Some of my paintings I consider quite good and a few, a very few, worthy of a wider audience.  Others tell me this also.  Do you know how many I have created while I have been living in this place?  Over one hundred!  One night – it was after two but I was still awake, as is quite normal for me, I find sleep elusive – I was so moved by the wonder of the starry sky that I picked up my brush to capture it before it faded into buttery dawn.  They tell me the picture is good and I could sell it but I don’t know, I have been painting for almost ten years now and have produced many, many canvasses.  But do you know how many I have sold?  Go on, guess.  No?  One!  It’s just as well I’m not dependent on selling them for my living!  They say that all great artists are only recognised as such after their death.  And I cling onto this belief, otherwise why bother?
 
Day Three
 
Once more we meet.  I had a bad night.  My head was spinning round and round until I felt I would faint even while I was lying in bed.  When I finally sank, exhausted, into a deep sleep, the dreams I dreamt!  Men and women dressed in strange clothes running this way and that, fighting, shouting, chasing me, all shot through with vivid flashes of dazzling reds and blues and yellows like an artist’s palette! 
 
I am exhausted and the side of my head aches but I must press on.

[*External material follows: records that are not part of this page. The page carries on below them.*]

lemma real_subspace_fn_diff: "real_subspace_fn E \<Longrightarrow> u \<in> E \<Longrightarrow> w \<in> E \<Longrightarrow> (\<lambda>x. u x - w x) \<in> E"
  using real_subspace_fn_add[of E u "\<lambda>x. - w x"] real_subspace_fn_neg[of E w] by simp

lemma convex_cone_fn_zero: "convex_cone_fn K \<Longrightarrow> (\<lambda>_. 0) \<in> K"
  and convex_cone_fn_add: "convex_cone_fn K \<Longrightarrow> u \<in> K \<Longrightarrow> w \<in> K \<Longrightarrow> (\<lambda>x. u x + w x) \<in> K"
  and convex_cone_fn_scale:
    "convex_cone_fn K \<Longrightarrow> r \<ge> 0 \<Longrightarrow> u \<in> K \<Longrightarrow> (\<lambda>x. complex_of_real r * u x) \<in> K"
  by (simp_all add: convex_cone_fn_def)

lemma pointed_fnD: "pointed_fn K \<Longrightarrow> v \<in> K \<Longrightarrow> (\<lambda>x. - v x) \<in> K \<Longrightarrow> v = (\<lambda>_. 0)"
  unfolding pointed_fn_def by blast

lemma rcomb_empty: "rcomb {} c = (\<lambda>_. 0)"
  by (simp add: rcomb_def)

lemma rcomb_insert:
  "finite S \<Longrightarrow> a \<notin> S \<Longrightarrow> rcomb (insert a S) c = (\<lambda>x. complex_of_real (c a) * a x + rcomb S c x)"
  by (simp add: rcomb_def)

lemma rcomb_singleton: "rcomb {a} (\<lambda>_. 1) = a"
  by (simp add: rcomb_def)

lemma rcomb_scale: "(\<lambda>x. complex_of_real r * rcomb S c x) = rcomb S (\<lambda>\<alpha>. r * c \<alpha>)"
  by (simp add: rcomb_def sum_distrib_left mult.assoc)

lemma rcomb_superset:
  assumes "finite T" "S \<subseteq> T"
  shows "rcomb S c = rcomb T (\<lambda>\<alpha>. if \<alpha> \<in> S then c \<alpha> else 0)"
proof -
  have "(\<Sum>\<alpha>\<in>S. complex_of_real (c \<alpha>) * \<alpha> x)
      = (\<Sum>\<alpha>\<in>T. complex_of_real (if \<alpha> \<in> S then c \<alpha> else 0) * \<alpha> x)" for x
    using assms by (intro sum.mono_neutral_cong_left) auto
  then show ?thesis by (simp add: rcomb_def)
qed

lemma rcomb_add_union:
  assumes "finite S" "finite T"
  shows "(\<lambda>x. rcomb S c x + rcomb T d x) =
    rcomb (S \<union> T) (\<lambda>\<alpha>. (if \<alpha> \<in> S then c \<alpha> else 0) + (if \<alpha> \<in> T then d \<alpha> else 0))"
  using rcomb_superset[of "S \<union> T" S c] rcomb_superset[of "S \<union> T" T d] assms
  by (simp add: rcomb_def sum.distrib distrib_right)

lemma rcomb_mem_real_subspace:
  assumes "real_subspace_fn V" "finite S" "S \<subseteq> V"
  shows "rcomb S c \<in> V"
  using assms(2,3)
proof (induction S rule: finite_induct)
  case empty
  then show ?case using assms(1) by (simp add: rcomb_empty real_subspace_fn_zero)
next
  case (insert a S)
  then show ?case
    using assms(1) by (simp add: rcomb_insert real_subspace_fn_add real_subspace_fn_scale)
qed

lemma real_subspace_fn_real_span: "real_subspace_fn (real_span A)"
  unfolding real_subspace_fn_def
proof (intro conjI ballI allI)
  show "(\<lambda>_. 0) \<in> real_span A"
    unfolding real_span_def by (intro CollectI exI[of _ "{}"]) (simp add: rcomb_empty)
next
  fix u w assume "u \<in> real_span A" "w \<in> real_span A"
  then obtain S c T d where "u = rcomb S c" "finite S" "S \<subseteq> A" "w = rcomb T d" "finite T" "T \<subseteq> A"
    unfolding real_span_def by blast
  then show "(\<lambda>x. u x + w x) \<in> real_span A"
    unfolding real_span_def using rcomb_add_union[of S T c d]
    by (intro CollectI exI[of _ "S \<union> T"] exI) auto
next
  fix r :: real and u assume "u \<in> real_span A"
  then obtain S c where "u = rcomb S c" "finite S" "S \<subseteq> A"
    unfolding real_span_def by blast
  then show "(\<lambda>x. complex_of_real r * u x) \<in> real_span A"
    unfolding real_span_def using rcomb_scale[of r S c] by (intro CollectI exI[of _ S] exI) auto
qed

lemma convex_cone_fn_real_cone: "convex_cone_fn (real_cone A)"
  unfolding convex_cone_fn_def
proof (intro conjI ballI allI impI)
  show "(\<lambda>_. 0) \<in> real_cone A"
    unfolding real_cone_def by (intro CollectI exI[of _ "{}"]) (simp add: rcomb_empty)
next
  fix u w assume "u \<in> real_cone A" "w \<in> real_cone A"
  then obtain S c T d where "u = rcomb S c" "finite S" "S \<subseteq> A" "\<forall>\<alpha>\<in>S. c \<alpha> \<ge> 0"
     "w = rcomb T d" "finite T" "T \<subseteq> A" "\<forall>\<alpha>\<in>T. d \<alpha> \<ge> 0"
    unfolding real_cone_def by blast
  then show "(\<lambda>x. u x + w x) \<in> real_cone A"
    unfolding real_cone_def using rcomb_add_union[of S T c d]
    by (intro CollectI exI[of _ "S \<union> T"] exI conjI) auto
next
  fix r :: real and u assume "r \<ge> 0" "u \<in> real_cone A"
  then obtain S c where "u = rcomb S c" "finite S" "S \<subseteq> A" "\<forall>\<alpha>\<in>S. c \<alpha> \<ge> 0"
    unfolding real_cone_def by blast
  with \<open>r \<ge> 0\<close> show "(\<lambda>x. complex_of_real r * u x) \<in> real_cone A"
    unfolding real_cone_def using rcomb_scale[of r S c]
    by (intro CollectI exI[of _ S] exI[of _ "\<lambda>\<alpha>. r * c \<alpha>"]) auto
qed

lemma subset_real_span: "A \<subseteq> real_span A"
proof
  fix a assume "a \<in> A"
  then show "a \<in> real_span A"
    unfolding real_span_def using rcomb_singleton[of a, symmetric]
    by (intro CollectI exI[of _ "{a}"] exI[of _ "\<lambda>_. 1"]) simp
qed

lemma subset_real_cone: "A \<subseteq> real_cone A"
proof
  fix a assume "a \<in> A"
  then show "a \<in> real_cone A"
    unfolding real_cone_def using rcomb_singleton[of a, symmetric]
    by (intro CollectI exI[of _ "{a}"] exI[of _ "\<lambda>_. 1"]) simp
qed

lemma real_cone_subset_real_subspace: "real_subspace_fn V \<Longrightarrow> A \<subseteq> V \<Longrightarrow> real_cone A \<subseteq> V"
  unfolding real_cone_def using rcomb_mem_real_subspace by blast

context
  fixes E :: "('a \<Rightarrow> complex) set" and le
  assumes order: "real_linear_order E le"
begin

lemma order_mem: "le a b \<Longrightarrow> a \<in> E \<and> b \<in> E"
  using conjunct1[OF order[unfolded real_linear_order_def]] by blast

lemma order_refl: "a \<in> E \<Longrightarrow> le a a"
  and order_antisym: "a \<in> E \<Longrightarrow> b \<in> E \<Longrightarrow> le a b \<Longrightarrow> le b a \<Longrightarrow> a = b"
  and order_trans: "a \<in> E \<Longrightarrow> b \<in> E \<Longrightarrow> c \<in> E \<Longrightarrow> le a b \<Longrightarrow> le b c \<Longrightarrow> le a c"
  and order_total: "a \<in> E \<Longrightarrow> b \<in> E \<Longrightarrow> le a b \<or> le b a"
  and order_add_right:
    "a \<in> E \<Longrightarrow> b \<in> E \<Longrightarrow> c \<in> E \<Longrightarrow> le a b \<Longrightarrow> le (\<lambda>x. a x + c x) (\<lambda>x. b x + c x)"
  and order_scale_pos: "a \<in> E \<Longrightarrow> b \<in> E \<Longrightarrow> r > 0 \<Longrightarrow> le a b \<Longrightarrow>
    le (\<lambda>x. complex_of_real r * a x) (\<lambda>x. complex_of_real r * b x)"
  and order_scale_neg: "a \<in> E \<Longrightarrow> b \<in> E \<Longrightarrow> r < 0 \<Longrightarrow> le a b \<Longrightarrow>
    le (\<lambda>x. complex_of_real r * b x) (\<lambda>x. complex_of_real r * a x)"
  using order unfolding real_linear_order_def by blast+

lemma order_neg: "le a b \<Longrightarrow> le (\<lambda>x. - b x) (\<lambda>x. - a x)"
  using order_mem[of a b] order_scale_neg[of a b "-1"] by simp

lemma order_nonneg_add:
  assumes a: "le (\<lambda>_. 0) a" and b: "le (\<lambda>_. 0) b"
  shows "le (\<lambda>_. 0) (\<lambda>x. a x + b x)"
proof -
  have E: "(\<lambda>_. 0) \<in> E" "a \<in> E" "b \<in> E" using order_mem a b by blast+
  have "le b (\<lambda>x. a x + b x)" using order_add_right[OF E a] by simp
  moreover from this have "(\<lambda>x. a x + b x) \<in> E" using order_mem by blast
  ultimately show ?thesis using order_trans[OF E(1,3) _ b] by blast
qed

lemma order_nonneg_scale:
  assumes r: "r \<ge> 0" and a: "le (\<lambda>_. 0) a"
  shows "le (\<lambda>_. 0) (\<lambda>x. complex_of_real r * a x)"
proof -
  have E: "(\<lambda>_. 0) \<in> E" "a \<in> E" using order_mem[OF a] by blast+
  show ?thesis
  proof (cases "r = 0")
    case True
    then show ?thesis using order_refl[OF E(1)] by simp
  next
    case False
    with r show ?thesis using order_scale_pos[OF E, of r] a by simp
  qed
qed

lemma order_nonneg_real_cone:
  assumes zero: "(\<lambda>_. 0) \<in> E" and nonneg: "\<forall>a\<in>A. le (\<lambda>_. 0) a" and v: "v \<in> real_cone A"
  shows "le (\<lambda>_. 0) v"
proof -
  obtain S c where "v = rcomb S c" "finite S" "S \<subseteq> A" "\<forall>\<alpha>\<in>S. c \<alpha> \<ge> 0"
    using v unfolding real_cone_def by blast
  moreover have "finite S \<Longrightarrow> S \<subseteq> A \<Longrightarrow> \<forall>\<alpha>\<in>S. c \<alpha> \<ge> 0 \<Longrightarrow> le (\<lambda>_. 0) (rcomb S c)"
  proof (induction S rule: finite_induct)
    case empty
    then show ?case using order_refl[OF zero] by (simp add: rcomb_empty)
  next
    case (insert a S)
    then show ?case
      using nonneg by (simp add: rcomb_insert order_nonneg_add order_nonneg_scale)
  qed
  ultimately show ?thesis by simp
qed

lemma order_nonneg_subspace_trivial:
  assumes V: "real_subspace_fn V" and nonneg: "\<forall>v\<in>V. le (\<lambda>_. 0) v"
  shows "V \<subseteq> {\<lambda>_. 0}"
proof
  fix v assume "v \<in> V"
  then have v: "le (\<lambda>_. 0) v" and nv: "le (\<lambda>_. 0) (\<lambda>x. - v x)"
    using nonneg real_subspace_fn_neg[OF V] by blast+
  have "le v (\<lambda>_. 0)" using order_neg[OF nv] by simp
  then have "v = (\<lambda>_. 0)" using order_antisym[OF _ _ _ v] order_mem[OF v] by blast
  then show "v \<in> {\<lambda>_. 0}" by simp
qed

end

lemma pointed_fn_if_no_subspace:
  assumes C: "convex_cone_fn C"
    and no_subspace: "\<And>V. real_subspace_fn V \<Longrightarrow> V \<subseteq> C \<Longrightarrow> V \<subseteq> {\<lambda>_. 0}"
  shows "pointed_fn C"
  unfolding pointed_fn_def
proof (intro ballI impI)
  fix v assume v: "v \<in> C" and nv: "(\<lambda>x. - v x) \<in> C"
  define L where "L = range (\<lambda>r::real. \<lambda>x. complex_of_real r * v x)"
  have "real_subspace_fn L"
    unfolding real_subspace_fn_def L_def
  proof (intro conjI ballI allI)
    show "(\<lambda>_. 0) \<in> range (\<lambda>r::real. \<lambda>x. complex_of_real r * v x)"
      by (rule range_eqI[where x="0::real"]) simp
  next
    fix u w assume "u \<in> range (\<lambda>r::real. \<lambda>x. complex_of_real r * v x)"
      "w \<in> range (\<lambda>r::real. \<lambda>x. complex_of_real r * v x)"
    then obtain r s where "u = (\<lambda>x. complex_of_real r * v x)" "w = (\<lambda>x. complex_of_real s * v x)"
      by blast
    then show "(\<lambda>x. u x + w x) \<in> range (\<lambda>r::real. \<lambda>x. complex_of_real r * v x)"
      by (intro range_eqI[where x="r + s"]) (simp add: distrib_right)
  next
    fix r :: real and u assume "u \<in> range (\<lambda>r::real. \<lambda>x. complex_of_real r * v x)"
    then obtain s where "u = (\<lambda>x. complex_of_real s * v x)" by blast
    then show "(\<lambda>x. complex_of_real r * u x) \<in> range (\<lambda>r::real. \<lambda>x. complex_of_real r * v x)"
      by (intro range_eqI[where x="r * s"]) (simp add: mult.assoc)
  qed
  moreover have "L \<subseteq> C"
  proof
    fix u assume "u \<in> L"
    then obtain r where u: "u = (\<lambda>x. complex_of_real r * v x)" unfolding L_def by blast
    show "u \<in> C"
    proof (cases "r \<ge> 0")
      case True
      then show ?thesis using convex_cone_fn_scale[OF C True v] u by simp
    next
      case False
      then have "- r \<ge> 0" by simp
      from convex_cone_fn_scale[OF C this nv] show ?thesis using u by simp
    qed
  qed
  moreover have "v \<in> L" unfolding L_def by (rule range_eqI[where x="1::real"]) simp
  ultimately show "v = (\<lambda>_. 0)" using no_subspace by blast
qed

lemma subset_cone_adjoin: "K \<subseteq> cone_adjoin K v"
  unfolding cone_adjoin_def by (force intro: exI[of _ "0::real"])

lemma mem_cone_adjoin: "convex_cone_fn K \<Longrightarrow> v \<in> cone_adjoin K v"
  unfolding cone_adjoin_def
  by (force intro: exI[of _ "1::real"] exI[of _ "\<lambda>_. 0"] convex_cone_fn_zero)

lemma cone_adjoin_subset_real_subspace:
  assumes "real_subspace_fn E" "K \<subseteq> E" "v \<in> E"
  shows "cone_adjoin K v \<subseteq> E"
  unfolding cone_adjoin_def
  using assms real_subspace_fn_add real_subspace_fn_scale by blast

Place the pipe in your lips thus.  The portrait should be more or less completed today, I can add the final touches without looking at you.  I know that sometimes you grow weary of the long hours posing.  I’ve painted other people in the past, of course, but I cannot afford to pay a sitter now and I am immensely grateful that I have you on whom to practise my technique. 
 
There!  I am finished and I am reasonably satisfied.  But next time it will be perfect.
 
*
 
Yes?  Who is that knocking?  It’s time for my medication?  Well, come in, come in.  You don’t normally care about the niceties.  No, there’s no-one here.  I’m all alone at my easel.  What’s my subject this time?  Self-portrait by Vincent Van Gogh.